Diskutiert wird zudem eine Anhebung des Renteneintrittsalters, etwa auf 70 Jahre, gekoppelt an die gestiegene Lebenserwartung. CDU-Politiker und liberale Ökonomen argumentieren, längeres Arbeiten sei angesichts steigender Lebenserwartung realistisch und nötig, um das System nachhaltig zu halten.

Parallel dazu wird über weitergehende Modelle gesprochen, etwa ein Mehr-Säulen-Modell, das Elemente kapitalgedeckter Altersvorsorge einbezieht. Solche Ansätze könnten zusätzliche Einnahmen generieren, bergen aber das Risiko von Markt- und Konjunkturschwankungen, die die Stabilität der Altersvorsorge beeinträchtigen könnten.

Politisch ist die Diskussion kein reiner Expertendiskurs: Innerhalb der Union gab es bereits offenen Widerstand gegen das zunächst beschlossene Rentenpaket, weil jüngere Abgeordnete auf die angeblichen Kosten für künftige Generationen hinwiesen. Auch Wirtschaftsverbände und Teile der Unternehmenswelt warnen vor steigenden Beiträgen und Belastungen der Wettbewerbsfähigkeit, während SPD und Gewerkschaften Kürzungen am bestehenden System ablehnen.

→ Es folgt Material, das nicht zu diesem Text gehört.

lemma perturbation_gain_le:
  fixes d \<pi> :: "nat \<Rightarrow> real"
  assumes \<pi>: "\<pi> \<in> simplex n" and j: "j \<in> {1..n}" and d: "(\<Sum>i=1..n. \<bar>d i\<bar>) \<le> \<delta>"
  shows "d j - inner_n n \<pi> d \<le> \<delta> * (1 - \<pi> j)"
proof -
  let ?A = "{1..n} - {j}"
  have \<pi>_nonneg: "\<And>i. i \<in> {1..n} \<Longrightarrow> 0 \<le> \<pi> i"
    using \<pi> by (auto simp: simplex_def)
  have split: "(\<Sum>i=1..n. f i) = f j + (\<Sum>i\<in>?A. f i)" for f :: "nat \<Rightarrow> real"
    using j by (simp add: sum.remove)
  have rest: "(\<Sum>i\<in>?A. \<pi> i) = 1 - \<pi> j"
    using split[of \<pi>] \<pi> by (simp add: simplex_def)
  have \<pi>_le: "\<pi> i \<le> 1 - \<pi> j" if "i \<in> ?A" for i
    using member_le_sum[of i ?A \<pi>] that \<pi>_nonneg rest by auto
  have \<pi>j_le: "\<pi> j \<le> 1"
    using rest \<pi>_nonneg sum_nonneg[of ?A \<pi>] by auto
  have "d j - inner_n n \<pi> d = (1 - \<pi> j) * d j + (\<Sum>i\<in>?A. - (\<pi> i * d i))"
    unfolding inner_n_def split[of "\<lambda>i. \<pi> i * d i"] by (simp add: sum_negf algebra_simps)
  also have "\<dots> \<le> (1 - \<pi> j) * \<bar>d j\<bar> + (\<Sum>i\<in>?A. (1 - \<pi> j) * \<bar>d i\<bar>)"
  proof (intro add_mono sum_mono)
    show "(1 - \<pi> j) * d j \<le> (1 - \<pi> j) * \<bar>d j\<bar>"
      using \<pi>j_le by (simp add: mult_left_mono)
    fix i assume i: "i \<in> ?A"
    have "- (\<pi> i * d i) \<le> \<pi> i * \<bar>d i\<bar>"
      using \<pi>_nonneg[of i] i mult_left_mono[of "- d i" "\<bar>d i\<bar>" "\<pi> i"] by simp
    also have "\<dots> \<le> (1 - \<pi> j) * \<bar>d i\<bar>"
      using \<pi>_le[OF i] by (simp add: mult_right_mono)
    finally show "- (\<pi> i * d i) \<le> (1 - \<pi> j) * \<bar>d i\<bar>" .
  qed
  also have "\<dots> = (1 - \<pi> j) * (\<Sum>i=1..n. \<bar>d i\<bar>)"
    unfolding split[of "\<lambda>i. \<bar>d i\<bar>"] by (simp add: distrib_left sum_distrib_left)
  also have "\<dots> \<le> \<delta> * (1 - \<pi> j)"
    using mult_left_mono[OF d, of "1 - \<pi> j"] \<pi>j_le by (simp add: mult.commute)
  finally show ?thesis .
qed

lemma robust_obj_eq_Max:
  assumes n: "1 \<le> n" and \<pi>: "\<pi> \<in> simplex n" and \<delta>: "0 \<le> \<delta>"
  shows "robust_obj n \<delta> r \<pi> = Max ((\<lambda>j. r j - \<delta> * \<pi> j) ` {1..n}) + \<delta> - inner_n n \<pi> r"
    (is "_ = ?M + \<delta> - _")
proof -
  have M_ge: "r j - \<delta> * \<pi> j \<le> ?M" if "j \<in> {1..n}" for j
    using that by (intro Max_ge) auto
  have Reg_le: "Reg n \<pi> (\<lambda>i. r i + d i) \<le> ?M + \<delta> - inner_n n \<pi> r"
    if d: "(\<Sum>i=1..n. \<bar>d i\<bar>) \<le> \<delta>" for d
  proof -
    have "Max ((\<lambda>i. r i + d i) ` {1..n}) \<le> ?M + \<delta> + inner_n n \<pi> d"
      using n perturbation_gain_le[OF \<pi> _ d] M_ge
      by (subst Max_le_iff) (fastforce simp: algebra_simps)+
    then show ?thesis
      by (simp add: Reg_eq_Max[OF n] inner_n_add_right)
  qed
  have "?M \<in> (\<lambda>j. r j - \<delta> * \<pi> j) ` {1..n}"
    using n by (intro Max_in) auto
  then obtain j where j: "j \<in> {1..n}" "r j - \<delta> * \<pi> j = ?M"
    by auto
  define d :: "nat \<Rightarrow> real" where "d i = (if i = j then \<delta> else 0)" for i
  have d_norm: "(\<Sum>i=1..n. \<bar>d i\<bar>) \<le> \<delta>"
    using j \<delta> by (simp add: d_def if_distrib cong: if_cong)
  have "inner_n n \<pi> d = \<delta> * \<pi> j"
    using j by (simp add: d_def inner_n_def if_distrib cong: if_cong)
  moreover have "r j + \<delta> \<le> Max ((\<lambda>i. r i + d i) ` {1..n})"
    using j by (intro Max_ge) (auto simp: d_def)
  ultimately have "?M + \<delta> - inner_n n \<pi> r \<le> Reg n \<pi> (\<lambda>i. r i + d i)"
    using j(2) by (simp add: Reg_eq_Max[OF n] inner_n_add_right)
  then show ?thesis
    unfolding robust_obj_def
    using Reg_le d_norm by (intro cSup_eq_maximum) (auto intro!: exI[of _ d] order_antisym)
qed

lemma finite_next_above:
  fixes A :: "'a :: {linorder, no_top} set"
  assumes "finite A"
  obtains v where "t < v" "\<And>x. x \<in> A \<Longrightarrow> t < x \<Longrightarrow> v \<le> x"
proof -
  obtain w where w: "t < w"
    using gt_ex by blast
  let ?B = "insert w {x\<in>A. t < x}"
  have "t < Min ?B"
    using assms w by (subst Min_gr_iff) auto
  moreover have "Min ?B \<le> x" if "x \<in> A" "t < x" for x
    using assms that by (intro Min_le) auto
  ultimately show ?thesis
    using that by blast
qed

lemma finite_next_below:
  fixes A :: "'a :: linorder set"
  assumes "finite A" and "a < t"
  obtains u where "a \<le> u" "u < t" "\<And>x. x \<in> A \<Longrightarrow> x < t \<Longrightarrow> x \<le> u"
proof -
  let ?B = "insert a {x\<in>A. x < t}"
  have "a \<le> Max ?B" "Max ?B < t"
    using assms by (auto simp: Max_less_iff)
  moreover have "x \<le> Max ?B" if "x \<in> A" "x < t" for x
    using assms that by (intro Max_ge) auto
  ultimately show ?thesis
    using that by blast
qed

lemma pos_part_mono: "a \<le> b \<Longrightarrow> pos_part a \<le> pos_part b"
  by (auto simp: pos_part_def)

lemma pos_part_nonneg: "0 \<le> pos_part a"
  by (simp add: pos_part_def)

lemma pos_part_ge: "a \<le> pos_part a"
  by (simp add: pos_part_def)

locale robust_regret =
  fixes n :: nat and \<delta> :: real and r :: "nat \<Rightarrow> real"
  assumes n_pos: "1 \<le> n" and \<delta>_pos: "0 < \<delta>"
    and r_le_r1: "\<And>i. i \<in> {1..n} \<Longrightarrow> r i \<le> r 1"
begin

definition excess :: "real \<Rightarrow> real" where
  "excess t = (\<Sum>i=1..n. pos_part (r i - t))"

definition gap_excess :: "real \<Rightarrow> real" where
  "gap_excess t = (\<Sum>i=1..n. pos_part (r i - t) * (r 1 - r i))"

definition gap_above :: "real \<Rightarrow> real" where
  "gap_above t = (\<Sum>i\<in>{i\<in>{1..n}. r i > t}. r 1 - r i)"

definition base_level :: real where
  "base_level = (THE t. excess t = \<delta>)"

definition threshold :: real where
  "threshold = Inf {t. t \<ge> base_level \<and> gap_above t \<le> \<delta>}"

definition policy :: "nat \<Rightarrow> real" where
  "policy i = (if i = 1 then 1 - (\<Sum>j=2..n. pos_part (r j - threshold)) / \<delta>
               else pos_part (r i - threshold) / \<delta>)"

lemma sum_split_first: "(\<Sum>i=1..n. f i) = f 1 + (\<Sum>i=2..n. f i)"
  using n_pos by (simp add: sum.atLeast_Suc_atMost numeral_2_eq_2)

lemma excess_antimono: "a \<le> b \<Longrightarrow> excess b \<le> excess a"
  unfolding excess_def by (intro sum_mono pos_part_mono) auto

lemma excess_strict_antimono:
  assumes "a < b" and "a < r 1"
  shows "excess b < excess a"
proof -
  have "pos_part (r 1 - b) < pos_part (r 1 - a)"
    using assms by (auto simp: pos_part_def)
  moreover have "(\<Sum>i=2..n. pos_part (r i - b)) \<le> (\<Sum>i=2..n. pos_part (r i - a))"
    using assms by (intro sum_mono pos_part_mono) auto
  ultimately show ?thesis
    unfolding excess_def sum_split_first by linarith
qed

lemma excess_eq_0: "r 1 \<le> t \<Longrightarrow> excess t = 0"
  unfolding excess_def using r_le_r1 by (intro sum.neutral) (force simp: pos_part_def)

lemma excess_ge_first: "pos_part (r 1 - t) \<le> excess t"
  unfolding excess_def sum_split_first
  using sum_nonneg[of "{2..n}" "\<lambda>i. pos_part (r i - t)"] pos_part_nonneg by auto

lemma ex1_excess_eq: "\<exists>!t. excess t = \<delta>"
proof -
  have "isCont excess t" for t
    unfolding excess_def pos_part_def by (intro continuous_intros)
  moreover have "excess (r 1) \<le> \<delta>" "\<delta> \<le> excess (r 1 - \<delta>)"
    using excess_eq_0[of "r 1"] excess_ge_first[of "r 1 - \<delta>"] \<delta>_pos
    by (auto simp: pos_part_def)
  ultimately obtain t where "excess t = \<delta>"
    using IVT2[of excess "r 1" \<delta> "r 1 - \<delta>"] \<delta>_pos by auto
  moreover have "a = b" if "excess a = \<delta>" "excess b = \<delta>" for a b
  proof -
    have "a < r 1" "b < r 1"
      using that excess_eq_0 \<delta>_pos by (metis linorder_not_le order_less_irrefl)+
    then show "a = b"
      using that excess_strict_antimono[of a b] excess_strict_antimono[of b a]
      by (cases a b rule: linorder_cases) auto
  qed
  ultimately show ?thesis
    by blast
qed

lemma excess_base_level: "excess base_level = \<delta>"
  unfolding base_level_def using ex1_excess_eq by (rule theI')

lemma base_level_less_r1: "base_level < r 1"
  using excess_base_level excess_eq_0[of base_level] \<delta>_pos by force

lemma base_level_le_if_excess_le:
  assumes "excess t \<le> \<delta>"
  shows "base_level \<le> t"
proof (rule ccontr)
  assume "\<not> base_level \<le> t"
  then have "excess base_level < excess t"
    using base_level_less_r1 by (intro excess_strict_antimono) auto
  then show False
    using assms excess_base_level by simp
qed

lemma threshold_set_bdd_below: "bdd_below {t. t \<ge> base_level \<and> gap_above t \<le> \<delta>}"
  by (auto intro: bdd_belowI)

lemma threshold_set_nonempty: "{t. t \<ge> base_level \<and> gap_above t \<le> \<delta>} \<noteq> {}"
proof -
  have "gap_above (max (r 1) base_level) = 0"
    unfolding gap_above_def using r_le_r1 by (intro sum.neutral) force
  then have "max (r 1) base_level \<in> {t. t \<ge> base_level \<and> gap_above t \<le> \<delta>}"
    using \<delta>_pos by simp
  then show ?thesis
    by blast
qed

lemma base_level_le_threshold: "base_level \<le> threshold"
  unfolding threshold_def
  by (rule cInf_greatest[OF threshold_set_nonempty]) simp

lemma gap_above_below_threshold:
  assumes "base_level \<le> u" and "u < threshold"
  shows "\<delta> < gap_above u"
  using assms cInf_lower[OF _ threshold_set_bdd_below, of u] unfolding threshold_def by force

lemma gap_above_threshold: "gap_above threshold \<le> \<delta>"
proof (rule ccontr)
  assume gap_gt: "\<not> gap_above threshold \<le> \<delta>"
  obtain v where v: "threshold < v" "\<And>x. x \<in> r ` {1..n} \<Longrightarrow> threshold < x \<Longrightarrow> v \<le> x"
    using finite_next_above[of "r ` {1..n}"] by auto
  have "v \<le> s" if s: "s \<in> {t. t \<ge> base_level \<and> gap_above t \<le> \<delta>}" for s
  proof (rule ccontr)
    assume "\<not> v \<le> s"
    moreover have "threshold \<le> s"
      unfolding threshold_def using s threshold_set_bdd_below by (rule cInf_lower)
    ultimately have "{i\<in>{1..n}. r i > s} = {i\<in>{1..n}. r i > threshold}"
      using v(2) by force
    then have "gap_above s = gap_above threshold"
      unfolding gap_above_def by simp
    then show False
      using s gap_gt by simp
  qed
  then have "v \<le> threshold"
    unfolding threshold_def by (rule cInf_greatest[OF threshold_set_nonempty])
  then show False
    using v(1) by simp
qed

lemma gap_above_mult:
  "gap_above t * c = (\<Sum>i=1..n. if t < r i then (r 1 - r i) * c else 0)"
  unfolding gap_above_def sum_distrib_right by (rule sum.inter_filter) simp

Ein zentraler Aspekt bleibt in der politischen Debatte bislang weitgehend unberücksichtigt: die Rolle der Produktivität für die Finanzierung der gesetzlichen Rente. In den vergangenen Jahrzehnten hat sich das Lohnniveau vieler Beschäftigtengruppen von der gesamtwirtschaftlichen Produktivität entkoppelt. Dadurch wuchsen die Beitragseinnahmen deutlich langsamer als die reale Wirtschaftsleistung. Hätten sich Löhne und Produktivität parallel entwickelt, wäre die Finanzierungsbasis des Umlagesystems heute breiter, und der Streit über steigende Beitragssätze oder längere Lebensarbeitszeiten würde sich weniger zugespitzt darstellen. Die Kommission wird daher auch untersuchen müssen, welche strukturellen Faktoren jenseits der Demografie die langfristige Stabilität der Rentenversicherung beeinflussen.